The video? Just no. I can’t. I abhor real-world violence, and also want to afford him his dignity and privacy. If I spin up a Charlie Kirk vid it’ll be to watch him do what he does best: carry on a fiercely intellectual argument with preternatural consistency and forward motion, while his naive interlocutors slowly realize they’re publicly a bit screwed for the moment. One imagines they skulk away for some soul-searching, forever changed for the better.
While not quite ever showing us what real critical thinking is, he succeeded at doing such a good parody of it that it did more good than harm.
Let’s all for now on dig a little deeper and remember what Charlie said: that when you stop talking, stop debating the heated stuff, that’s when the violence starts.
I disagree with something like 80% of his views, and our values clash enormously. Where he seemed committed to the Randian ideal, the economic conservative angle, the theist angle, meritocratic myths and austerity, provincial views of tradition and gender issues, I tend toward compassionate capitalism with guaranteed dignity concerning the basics, and a decidedly liberal view on sex, gender, marriage, live and let live. I don’t think taxes are theft or that social services encourage laziness.
I don’t think we’re better off in some laissez-faire libertarian fantasy. The facts don’t suggest that, regardless of how dazzlingly he spins it.
When Charlie waxed conservative, I saw the flaws and quietly seethed, taking note of where the argument went off the rails or where our values diverge.
And yet he was never boring and I still weep for him and his family. Beautiful man, beautiful short life. I have such vast admiration for his courage, talent, and persistent intellectual bent.
Join me in carrying the torch to the best of our ability. Let’s not forget the example he set. Let’s do our parts to make his life and death mean something. He showed us that peaceful, penetrating discourse asks a lot of us, and that to preserve our dignity around our views, we really need to work to earn it.
The quality of our conversations may very well determine whether our species lives or dies in the years ahead. So his message means everything. Let’s keep it alive.
I’ll end how I began: I only ever agreed with maybe 7.4% of the things Charlie Kirk said. But that’s not the point. I agreed with 100% of how he lived his life and I’m 100% heartbroken. today we grieve. Tomorrow we write. And in a new way. We can do this, guys. Talk soon.



I was so sad about Charlie Kirk, whom I disagreed with both in his beliefs and his rhetorical methodology. I even wrote a piece about it, as you can see. But throughout all that time I wasn’t paying attention to the national sentiment. Seems like it’s being framed as an attack on the radical left? I’m a little confused because I’m pretty progressive and yet I would fight and die to protect Kirk’s right to free speech. I thought he was a stellar American who challenged us all to think harder and to stop being mentally lazy. But now I’m hearing rumblings of a civil war against “the left”?
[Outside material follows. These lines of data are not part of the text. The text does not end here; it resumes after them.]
lemma quadratic_form_coercive:
  fixes S :: "'b set" and Q :: "('b \<Rightarrow> real) \<Rightarrow> real" and W :: "('b \<Rightarrow> real) set"
  assumes fin: "finite S"
    and nonneg: "\<And>u. 0 \<le> Q u"
    and hom: "\<And>c u. Q (\<lambda>e. c * u e) = c\<^sup>2 * Q u"
    and cont: "\<And>f g. (\<forall>e\<in>S. (\<lambda>n. f n e) \<longlonglongrightarrow> g e) \<Longrightarrow> (\<lambda>n. Q (f n)) \<longlonglongrightarrow> Q g"
    and kernel: "\<And>u. Q u = 0 \<Longrightarrow> u \<in> W"
  shows "\<exists>\<kappa>>0. \<forall>u. (\<forall>w\<in>W. (\<Sum>e\<in>S. u e * w e) = 0) \<longrightarrow> \<kappa> * (\<Sum>e\<in>S. (u e)\<^sup>2) \<le> Q u"
proof -
  obtain \<kappa> where "\<kappa> > 0"
    and unit: "\<And>v. \<forall>w\<in>W. (\<Sum>e\<in>S. v e * w e) = 0 \<Longrightarrow> (\<Sum>e\<in>S. (v e)\<^sup>2) = 1 \<Longrightarrow> \<kappa> \<le> Q v"
    using quadratic_form_pos_on_unit_sphere[of S Q W, OF fin nonneg cont kernel] by blast
  have "\<kappa> * (\<Sum>e\<in>S. (u e)\<^sup>2) \<le> Q u" if perp: "\<forall>w\<in>W. (\<Sum>e\<in>S. u e * w e) = 0" for u
  proof (cases "(\<Sum>e\<in>S. (u e)\<^sup>2) = 0")
    case False
    define N where "N = (\<Sum>e\<in>S. (u e)\<^sup>2)"
    have "0 < N"
      using False unfolding N_def by (simp add: order_less_le sum_nonneg)
    define v where "v e = inverse (sqrt N) * u e" for e
    have "(\<Sum>e\<in>S. (v e)\<^sup>2) = inverse N * N"
      unfolding v_def N_def
      by (simp add: power_mult_distrib power_inverse sum_distrib_left[symmetric] sum_nonneg)
    moreover have "\<forall>w\<in>W. (\<Sum>e\<in>S. v e * w e) = 0"
      using perp unfolding v_def by (simp add: mult.assoc sum_distrib_left[symmetric])
    ultimately have "\<kappa> \<le> Q v"
      using unit \<open>0 < N\<close> by simp
    also have "Q v = inverse N * Q u"
      unfolding v_def hom using \<open>0 < N\<close> by (simp add: power_inverse)
    finally show ?thesis
      using \<open>0 < N\<close> unfolding N_def by (simp add: field_simps)
  qed (simp add: nonneg)
  then show ?thesis
    using \<open>\<kappa> > 0\<close> by blast
qed
lemma zeta_mod_mul_closed:
  assumes a: "a \<in> zeta_mod B Z" and b: "b \<in> zeta_mod B Z"
  shows "a \<boxtimes> b \<in> zeta_mod B Z"
  unfolding zeta_mod_iff_mul
proof (intro conjI ballI)
  have aB: "a \<in> carrier B" and bB: "b \<in> carrier B" using a b zeta_mod_subset by auto
  then show "a \<boxtimes> b \<in> carrier B" by simp
  fix y assume y: "y \<in> carrier B"
  have "a \<boxtimes> b \<boxtimes> y = a \<boxtimes> (b \<boxtimes> y)" using aB bB y by (simp add: mul_assoc)
  also have "\<dots> \<doteq> a \<boxplus> (b \<boxtimes> y)" using zeta_modD(1)[OF a] bB y by simp
  also have "\<dots> \<doteq> a \<boxplus> (b \<boxplus> y)" using zeta_modD(1)[OF b y] aB bB y by (intro bcong_add_left) auto
  also have "\<dots> = a \<boxplus> b \<boxplus> y" using aB bB y by (simp add: add_assoc)
  also have "\<dots> \<doteq> a \<boxtimes> b \<boxplus> y" using zeta_modD(2)[OF a bB] aB bB y by (intro bcong_add_right) auto
  finally show "a \<boxtimes> b \<boxtimes> y \<doteq> a \<boxtimes> b \<boxplus> y" .
  have "a \<boxtimes> b \<boxplus> y \<doteq> a \<boxplus> b \<boxplus> y" using zeta_modD(1)[OF a bB] aB bB y by (intro bcong_add_right) auto
  also have "\<dots> = a \<boxplus> (b \<boxplus> y)" using aB bB y by (simp add: add_assoc)
  also have "\<dots> \<doteq> a \<boxplus> (y \<boxplus> b)" using zeta_modD(3)[OF b y] aB bB y by (intro bcong_add_left) auto
  also have "\<dots> = a \<boxplus> y \<boxplus> b" using aB bB y by (simp add: add_assoc)
  also have "\<dots> \<doteq> y \<boxplus> a \<boxplus> b" using zeta_modD(3)[OF a y] aB bB y by (intro bcong_add_right) auto
  also have "\<dots> = y \<boxplus> (a \<boxplus> b)" using aB bB y by (simp add: add_assoc)
  also have "\<dots> \<doteq> y \<boxplus> (a \<boxtimes> b)" using zeta_modD(2)[OF a bB] aB bB y by (intro bcong_add_left) auto
  finally show "a \<boxtimes> b \<boxplus> y \<doteq> y \<boxplus> a \<boxtimes> b" .
  have "a \<boxtimes> b \<boxtimes> y = a \<boxtimes> (b \<boxtimes> y)" using aB bB y by (simp add: mul_assoc)
  also have "\<dots> \<doteq> a \<boxtimes> (y \<boxtimes> b)" using zeta_modD(5)[OF b y] aB bB y by (intro bcong_mul_left) auto
  also have "\<dots> = a \<boxtimes> y \<boxtimes> b" using aB bB y by (simp add: mul_assoc)
  also have "\<dots> \<doteq> y \<boxtimes> a \<boxtimes> b" using zeta_modD(5)[OF a y] aB bB y by (intro bcong_mul_right) auto
  also have "\<dots> = y \<boxtimes> (a \<boxtimes> b)" using aB bB y by (simp add: mul_assoc)
  finally show "a \<boxtimes> b \<boxtimes> y \<doteq> y \<boxtimes> (a \<boxtimes> b)" .
qed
Wtf?! When George Floyd was killed I told people that one cop killing a black guy doesn’t make it a cop problem or a race war and that it’s about Chauvin only and whether he was negligent or excessive. And that looting was criminal and irrational, and the virtue signaling and purity tests were mostly nonsense that didn’t square with statistical reality.
But now when one disturbed young adult acts alone to assassinate a right wing visionary influencer, suddenly we have to blame the whole left? That’s stupid.
Thoughts? Both sides say horrible things about the other. One smart gamer kid from a Republican family shoots Kirk and says “fascist, catch” on the bullet and now it’s a civil war against the “radical left?” Who does that even include? Help me out here.